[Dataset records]

::::::::

(* Assume the setting described in the context and fix a permutation $\pi$ of $F$. Suppose that either (1) there are vectors $\lambda,\mu\in\mathbb{R}^F$ with $\mu_f\neq0$ and a constant $\theta\in(0,1)$ such that $\frac{\lambda_f}{\mu_f}\sum_{S\in\mathrm{Ind}(\Gamma(f))}\mu(S)\le\theta$ for all $f\in F$, where $\mu(S)=\prod_{g\in S}\mu_g$; or (2) $(\rho,\sim)$ satisfies Shearer's condition with vectors $p,\lambda$ and constant $\theta$, in which case we set $\mu(R)=q_R(p)/q_\varnothing(p)$. Then for every $R\in\mathrm{Ind}(F)$ and every integer $t\ge0$, $$\sum_{W\in\mathrm{Stab}_\pi(R,t)}\lambda_W\le\mu(R)\,\theta^t.$$
   Context: Setting: $\Omega$ is a finite set and $F$ a finite set of flaws, each a nonempty subset of $\Omega$; $F_\sigma=\{f:\sigma\in f\}$. For $\sigma\in\Omega$ and $f\in F_\sigma$ there is a probability distribution $\rho(\cdot\mid f,\sigma)$ on $\Omega$ with support $A(f,\sigma)$. A distribution $\omega$ on $\Omega$ has $\omega(\sigma)>0$ for all $\sigma$. A walk is a sequence $\sigma_1\xrightarrow{w_1}\sigma_2\cdots\xrightarrow{w_t}\sigma_{t+1}$ with $w_i\in F_{\sigma_i}$ and $\sigma_{i+1}\in A(w_i,\sigma_i)$; its word is $w_1\ldots w_t$. $\sim$ is a fixed symmetric relation on $F$ (loops allowed), with $\Gamma(f)=\{g:f\sim g\}$, $\Gamma^+(f)=\Gamma(f)\cup\{f\}$ and $\Gamma^+(S)=\bigcup_{f\in S}\Gamma^+(f)$. It is assumed that for every step $\sigma\xrightarrow{f}\sigma'$ of a walk, $F_{\sigma'}\subseteq(F_\sigma\setminus\{f\})\cup\Gamma(f)$. A set $S$ is independent if $f\not\sim g$ for distinct $f,g\in S$; $\mathrm{Ind}(S)$ is the family of independent subsets of $S$. A word is a finite sequence of flaws; for $W=w_1\ldots w_t$ let $|W|=t$, $\lambda_W=\prod_i\lambda_{w_i}$ and $\mathrm{REV}[W]=w_t\ldots w_1$. A sequence of sets $(I_1,\ldots,I_s)$ with $s\ge1$ is stable if each $I_r\in\mathrm{Ind}(F)$ and $I_{r+1}\subseteq\Gamma^+(I_r)$ for $r\in[s-1]$. A word $W$ is stable if it can be partitioned as $W=W_1\ldots W_s$ into nonempty words such that the flaws within each $W_r$ are distinct and $(I_1,\ldots,I_s)$ is stable, where $I_r$ is the set of flaws in $W_r$; such a partition is unique. Let $\preceq_\pi$ be the total order on $F$ given by $\pi$. $W$ is $\pi$-stable if, moreover, the flaws in each $W_r$ appear in strictly $\prec_\pi$-increasing order. For a stable word $W$ let $R_W=I_1$, and let $R_W=\varnothing$ if $W$ is empty. $\mathrm{Stab}_\pi$ is the set of $\pi$-stable words $W$ such that some walk has word $W$ or $\mathrm{REV}[W]$, and $\mathrm{Stab}_\pi(R,t)=\{W\in\mathrm{Stab}_\pi:R_W=R,\ |W|\ge t\}$. Shearer's condition: $q_S(p)=\sum_{I:S\subseteq I\in\mathrm{Ind}(F)}(-1)^{|I|-|S|}\prod_{f\in I}p_f$. One requires $q_S(p)\ge0$ for all $S$ and $q_\varnothing(p)>0$, together with a vector $\lambda$ satisfying $\lambda_f\ge\sum_{\sigma\in f:\sigma'\in A(f,\sigma)}\rho(\sigma'\mid f,\sigma)\omega(\sigma)/\omega(\sigma')$ for all $f,\sigma'$, a constant $\theta\in(0,1)$, and $\lambda_f\le\theta p_f$ for all $f$. *)

theory Defs
  imports "HOL-Analysis.Analysis"
begin

(* Flaws are subsets of Omega, so a flaw has type 'a set; F :: 'a set set.
   rho f s s' = rho(s' | f, s);  adj is the symmetric relation ~ on F. *)

definition Fs :: "'a set set \<Rightarrow> 'a \<Rightarrow> 'a set set" where
  "Fs F s = {f \<in> F. s \<in> f}"

definition Asupp :: "'a set \<Rightarrow> ('a set \<Rightarrow> 'a \<Rightarrow> 'a \<Rightarrow> real) \<Rightarrow> 'a set \<Rightarrow> 'a \<Rightarrow> 'a set" where
  "Asupp Omega rho f s = {s' \<in> Omega. rho f s s' > 0}"

definition Gam :: "'a set set \<Rightarrow> ('a set \<Rightarrow> 'a set \<Rightarrow> bool) \<Rightarrow> 'a set \<Rightarrow> 'a set set" where
  "Gam F adj f = {g \<in> F. adj f g}"

definition GamP :: "'a set set \<Rightarrow> ('a set \<Rightarrow> 'a set \<Rightarrow> bool) \<Rightarrow> 'a set set \<Rightarrow> 'a set set" where
  "GamP F adj S = (\<Union>f\<in>S. insert f (Gam F adj f))"

definition indep :: "('a set \<Rightarrow> 'a set \<Rightarrow> bool) \<Rightarrow> 'a set set \<Rightarrow> bool" where
  "indep adj S = (\<forall>f\<in>S. \<forall>g\<in>S. f \<noteq> g \<longrightarrow> \<not> adj f g)"

definition IndS :: "('a set \<Rightarrow> 'a set \<Rightarrow> bool) \<Rightarrow> 'a set set \<Rightarrow> 'a set set set" where
  "IndS adj S = {I. I \<subseteq> S \<and> indep adj I}"

definition setting :: "'a set \<Rightarrow> 'a set set \<Rightarrow> ('a set \<Rightarrow> 'a \<Rightarrow> 'a \<Rightarrow> real)
    \<Rightarrow> ('a \<Rightarrow> real) \<Rightarrow> ('a set \<Rightarrow> 'a set \<Rightarrow> bool) \<Rightarrow> bool" where
  "setting Omega F rho omega adj \<longleftrightarrow>
     finite Omega \<and> finite F \<and>
     (\<forall>f\<in>F. f \<noteq> {} \<and> f \<subseteq> Omega) \<and>
     (\<forall>s\<in>Omega. \<forall>f\<in>F. s \<in> f \<longrightarrow>
         (\<forall>s'\<in>Omega. rho f s s' \<ge> 0) \<and> (\<Sum>s'\<in>Omega. rho f s s') = 1) \<and>
     (\<forall>s\<in>Omega. omega s > 0) \<and> (\<Sum>s\<in>Omega. omega s) = 1 \<and>
     (\<forall>f\<in>F. \<forall>g\<in>F. adj f g \<longrightarrow> adj g f) \<and>
     (\<forall>s\<in>Omega. \<forall>f\<in>F. s \<in> f \<longrightarrow>
         (\<forall>s'\<in>Asupp Omega rho f s. Fs F s' \<subseteq> (Fs F s - {f}) \<union> Gam F adj f))"

(* walk with states ss = [s_1,...,s_{t+1}] and word ws = [w_1,...,w_t] *)
definition walk :: "'a set \<Rightarrow> 'a set set \<Rightarrow> ('a set \<Rightarrow> 'a \<Rightarrow> 'a \<Rightarrow> real)
    \<Rightarrow> 'a list \<Rightarrow> 'a set list \<Rightarrow> bool" where
  "walk Omega F rho ss ws \<longleftrightarrow>
     length ss = Suc (length ws) \<and> ss ! 0 \<in> Omega \<and>
     (\<forall>i < length ws. ws ! i \<in> F \<and> ss ! i \<in> ws ! i \<and>
        ss ! Suc i \<in> Asupp Omega rho (ws ! i) (ss ! i))"

definition stable_partition :: "'a set set \<Rightarrow> ('a set \<Rightarrow> 'a set \<Rightarrow> bool) \<Rightarrow> 'a set list list \<Rightarrow> bool" where
  "stable_partition F adj Ws \<longleftrightarrow>
     Ws \<noteq> [] \<and>
     (\<forall>w\<in>set Ws. w \<noteq> [] \<and> distinct w \<and> set w \<in> IndS adj F) \<and>
     (\<forall>r. Suc r < length Ws \<longrightarrow> set (Ws ! Suc r) \<subseteq> GamP F adj (set (Ws ! r)))"

(* perm is a bijection F -> {0..<|F|}; f \<prec>_pi g iff perm f < perm g *)
definition pi_stable_word :: "'a set set \<Rightarrow> ('a set \<Rightarrow> 'a set \<Rightarrow> bool) \<Rightarrow> ('a set \<Rightarrow> nat)
    \<Rightarrow> 'a set list \<Rightarrow> bool" where
  "pi_stable_word F adj perm W \<longleftrightarrow>
     W = [] \<or>
     (\<exists>Ws. stable_partition F adj Ws \<and> concat Ws = W \<and>
        (\<forall>w\<in>set Ws. sorted_wrt (\<lambda>f g. perm f < perm g) w))"

definition RW :: "'a set set \<Rightarrow> ('a set \<Rightarrow> 'a set \<Rightarrow> bool) \<Rightarrow> 'a set list \<Rightarrow> 'a set set" where
  "RW F adj W = (if W = [] then {}
      else set (hd (THE Ws. stable_partition F adj Ws \<and> concat Ws = W)))"

definition Stab :: "'a set \<Rightarrow> 'a set set \<Rightarrow> ('a set \<Rightarrow> 'a \<Rightarrow> 'a \<Rightarrow> real)
    \<Rightarrow> ('a set \<Rightarrow> 'a set \<Rightarrow> bool) \<Rightarrow> ('a set \<Rightarrow> nat) \<Rightarrow> 'a set list set" where
  "Stab Omega F rho adj perm = {W. pi_stable_word F adj perm W \<and>
      (\<exists>ss. walk Omega F rho ss W \<or> walk Omega F rho ss (rev W))}"

definition StabRt :: "'a set \<Rightarrow> 'a set set \<Rightarrow> ('a set \<Rightarrow> 'a \<Rightarrow> 'a \<Rightarrow> real)
    \<Rightarrow> ('a set \<Rightarrow> 'a set \<Rightarrow> bool) \<Rightarrow> ('a set \<Rightarrow> nat) \<Rightarrow> 'a set set \<Rightarrow> nat \<Rightarrow> 'a set list set" where
  "StabRt Omega F rho adj perm R t =
     {W \<in> Stab Omega F rho adj perm. RW F adj W = R \<and> length W \<ge> t}"

definition lamW :: "('a set \<Rightarrow> real) \<Rightarrow> 'a set list \<Rightarrow> real" where
  "lamW lam W = prod_list (map lam W)"

definition qS :: "'a set set \<Rightarrow> ('a set \<Rightarrow> 'a set \<Rightarrow> bool) \<Rightarrow> ('a set \<Rightarrow> real) \<Rightarrow> 'a set set \<Rightarrow> real" where
  "qS F adj p S = (\<Sum>I \<in> {I \<in> IndS adj F. S \<subseteq> I}.
       (-1) ^ (card I - card S) * (\<Prod>f\<in>I. p f))"

definition charge_bound :: "'a set \<Rightarrow> 'a set set \<Rightarrow> ('a set \<Rightarrow> 'a \<Rightarrow> 'a \<Rightarrow> real)
    \<Rightarrow> ('a \<Rightarrow> real) \<Rightarrow> ('a set \<Rightarrow> real) \<Rightarrow> bool" where
  "charge_bound Omega F rho omega lam \<longleftrightarrow>
     (\<forall>f\<in>F. \<forall>s'\<in>Omega.
        lam f \<ge> (\<Sum>s \<in> {s \<in> f. s' \<in> Asupp Omega rho f s}. rho f s s' * omega s / omega s'))"

definition shearer :: "'a set \<Rightarrow> 'a set set \<Rightarrow> ('a set \<Rightarrow> 'a \<Rightarrow> 'a \<Rightarrow> real)
    \<Rightarrow> ('a \<Rightarrow> real) \<Rightarrow> ('a set \<Rightarrow> 'a set \<Rightarrow> bool)
    \<Rightarrow> ('a set \<Rightarrow> real) \<Rightarrow> ('a set \<Rightarrow> real) \<Rightarrow> real \<Rightarrow> bool" where
  "shearer Omega F rho omega adj p lam theta \<longleftrightarrow>
     (\<forall>S. S \<subseteq> F \<longrightarrow> qS F adj p S \<ge> 0) \<and> qS F adj p {} > 0 \<and>
     charge_bound Omega F rho omega lam \<and>
     0 < theta \<and> theta < 1 \<and> (\<forall>f\<in>F. lam f \<le> theta * p f)"

end

theory Submission
  imports Defs
begin

(* Along a walk, a flaw that is addressed twice must be reintroduced in between;
   for the stable partition W = W_1 ... W_s of a word of a walk (or of its reverse) this
   forces I_(r+1) \<subseteq> \<Gamma>(I_r) rather than merely \<Gamma>\<^sup>+(I_r). As the blocks are
   sorted by \<pi>, the word is determined by (I_1, ..., I_s), and with \<psi> = \<lambda>/\<theta> one has
   \<lambda>_W = \<theta>^|W| \<psi>(I_1) ... \<psi>(I_s). Summing \<psi>(I_2) ... \<psi>(I_s) over all such chains
   starting at R = I_1 gives at most \<Sum>_(J \<in> Ind(\<Gamma>(R))) \<mu>(J), by induction on the length of
   the chains, grouping them by their first set, as soon as
   \<psi>(R) \<Sum>_(J \<in> Ind(\<Gamma>(R))) \<mu>(J) \<le> \<mu>(R) for every independent R. Both hypotheses give this
   inequality: (1) because \<Sum>_(J \<in> Ind(A \<union> B)) \<mu>(J) is submultiplicative for product weights,
   (2) by Shearer's identity q_R = p^R \<Sum>_(J \<in> Ind(\<Gamma>\<^sup>+(R))) q_J. Hence every finite partial
   sum over Stab_\<pi>(R,t) is at most \<mu>(R) \<theta>^t. *)

section \<open>Independent sets and neighbourhoods\<close>

(* \<Gamma>(S) of the paper, whereas GamP is \<Gamma>\<^sup>+(S). *)
definition GamS :: "'a set set \<Rightarrow> ('a set \<Rightarrow> 'a set \<Rightarrow> bool) \<Rightarrow> 'a set set \<Rightarrow> 'a set set" where
  "GamS F adj S = (\<Union>f\<in>S. Gam F adj f)"

lemma GamS_subset: "GamS F adj R \<subseteq> F"
  by (auto simp: GamS_def Gam_def)

lemma finite_IndS: "finite S \<Longrightarrow> finite (IndS adj S)"
  unfolding IndS_def by (rule finite_subset[of _ "Pow S"]) auto

lemma empty_in_IndS [simp]: "{} \<in> IndS adj S"
  by (simp add: IndS_def indep_def)

lemma IndS_empty: "IndS adj {} = {{}}"
  by (auto simp: IndS_def indep_def)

::::::::

Action item: Output the lines of the records above exactly as they appear, from the line containing "omega lam \<longleftrightarrow>" through the line containing "sum over Stab_\<pi>(R,t)".

Written answer:
  "charge_bound Omega F rho omega lam \<longleftrightarrow>
     (\<forall>f\<in>F. \<forall>s'\<in>Omega.
        lam f \<ge> (\<Sum>s \<in> {s \<in> f. s' \<in> Asupp Omega rho f s}. rho f s s' * omega s / omega s'))"

definition shearer :: "'a set \<Rightarrow> 'a set set \<Rightarrow> ('a set \<Rightarrow> 'a \<Rightarrow> 'a \<Rightarrow> real)
    \<Rightarrow> ('a \<Rightarrow> real) \<Rightarrow> ('a set \<Rightarrow> 'a set \<Rightarrow> bool)
    \<Rightarrow> ('a set \<Rightarrow> real) \<Rightarrow> ('a set \<Rightarrow> real) \<Rightarrow> real \<Rightarrow> bool" where
  "shearer Omega F rho omega adj p lam theta \<longleftrightarrow>
     (\<forall>S. S \<subseteq> F \<longrightarrow> qS F adj p S \<ge> 0) \<and> qS F adj p {} > 0 \<and>
     charge_bound Omega F rho omega lam \<and>
     0 < theta \<and> theta < 1 \<and> (\<forall>f\<in>F. lam f \<le> theta * p f)"

end

theory Submission
  imports Defs
begin

(* Along a walk, a flaw that is addressed twice must be reintroduced in between;
   for the stable partition W = W_1 ... W_s of a word of a walk (or of its reverse) this
   forces I_(r+1) \<subseteq> \<Gamma>(I_r) rather than merely \<Gamma>\<^sup>+(I_r). As the blocks are
   sorted by \<pi>, the word is determined by (I_1, ..., I_s), and with \<psi> = \<lambda>/\<theta> one has
   \<lambda>_W = \<theta>^|W| \<psi>(I_1) ... \<psi>(I_s). Summing \<psi>(I_2) ... \<psi>(I_s) over all such chains
   starting at R = I_1 gives at most \<Sum>_(J \<in> Ind(\<Gamma>(R))) \<mu>(J), by induction on the length of
   the chains, grouping them by their first set, as soon as
   \<psi>(R) \<Sum>_(J \<in> Ind(\<Gamma>(R))) \<mu>(J) \<le> \<mu>(R) for every independent R. Both hypotheses give this
   inequality: (1) because \<Sum>_(J \<in> Ind(A \<union> B)) \<mu>(J) is submultiplicative for product weights,
   (2) by Shearer's identity q_R = p^R \<Sum>_(J \<in> Ind(\<Gamma>\<^sup>+(R))) q_J. Hence every finite partial
   sum over Stab_\<pi>(R,t) is at most \<mu>(R) \<theta>^t. *)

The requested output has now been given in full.